**THE PROBLEM**
Until you reach the line containing "N \<rightarrow>\<^sub>M count_space", reproduce each line of the listing exactly, please, and include that line as well.

START INPUT

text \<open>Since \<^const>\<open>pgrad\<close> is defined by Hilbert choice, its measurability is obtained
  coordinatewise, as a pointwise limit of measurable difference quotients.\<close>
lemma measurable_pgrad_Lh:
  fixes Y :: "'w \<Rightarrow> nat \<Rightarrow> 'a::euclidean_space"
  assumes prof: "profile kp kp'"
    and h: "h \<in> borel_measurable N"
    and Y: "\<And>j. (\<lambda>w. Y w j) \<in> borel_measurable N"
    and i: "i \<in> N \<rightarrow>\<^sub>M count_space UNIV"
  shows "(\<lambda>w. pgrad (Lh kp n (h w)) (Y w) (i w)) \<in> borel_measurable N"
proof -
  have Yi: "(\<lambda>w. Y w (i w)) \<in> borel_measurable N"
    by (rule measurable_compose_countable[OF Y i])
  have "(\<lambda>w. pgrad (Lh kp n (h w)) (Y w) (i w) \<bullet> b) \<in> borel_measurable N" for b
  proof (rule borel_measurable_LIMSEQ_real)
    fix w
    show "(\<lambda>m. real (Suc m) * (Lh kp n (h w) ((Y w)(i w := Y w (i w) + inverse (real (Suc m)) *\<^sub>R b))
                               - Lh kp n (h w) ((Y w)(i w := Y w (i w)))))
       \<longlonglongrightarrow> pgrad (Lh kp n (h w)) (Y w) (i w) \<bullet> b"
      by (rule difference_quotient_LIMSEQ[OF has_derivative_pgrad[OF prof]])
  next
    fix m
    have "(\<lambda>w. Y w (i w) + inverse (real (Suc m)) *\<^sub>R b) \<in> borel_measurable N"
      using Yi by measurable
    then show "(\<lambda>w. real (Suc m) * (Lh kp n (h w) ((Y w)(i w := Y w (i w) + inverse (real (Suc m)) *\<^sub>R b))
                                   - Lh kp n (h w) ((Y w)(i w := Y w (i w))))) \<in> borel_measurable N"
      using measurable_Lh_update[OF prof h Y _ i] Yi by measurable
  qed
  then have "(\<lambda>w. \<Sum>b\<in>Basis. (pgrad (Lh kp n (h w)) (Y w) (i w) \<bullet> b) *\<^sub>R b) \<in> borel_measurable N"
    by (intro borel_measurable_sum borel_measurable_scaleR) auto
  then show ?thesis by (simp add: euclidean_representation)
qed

END INPUT

**ANSWER TO THE EXERCISE**
text \<open>Since \<^const>\<open>pgrad\<close> is defined by Hilbert choice, its measurability is obtained
  coordinatewise, as a pointwise limit of measurable difference quotients.\<close>
lemma measurable_pgrad_Lh:
  fixes Y :: "'w \<Rightarrow> nat \<Rightarrow> 'a::euclidean_space"
  assumes prof: "profile kp kp'"
    and h: "h \<in> borel_measurable N"
    and Y: "\<And>j. (\<lambda>w. Y w j) \<in> borel_measurable N"
    and i: "i \<in> N \<rightarrow>\<^sub>M count_space UNIV"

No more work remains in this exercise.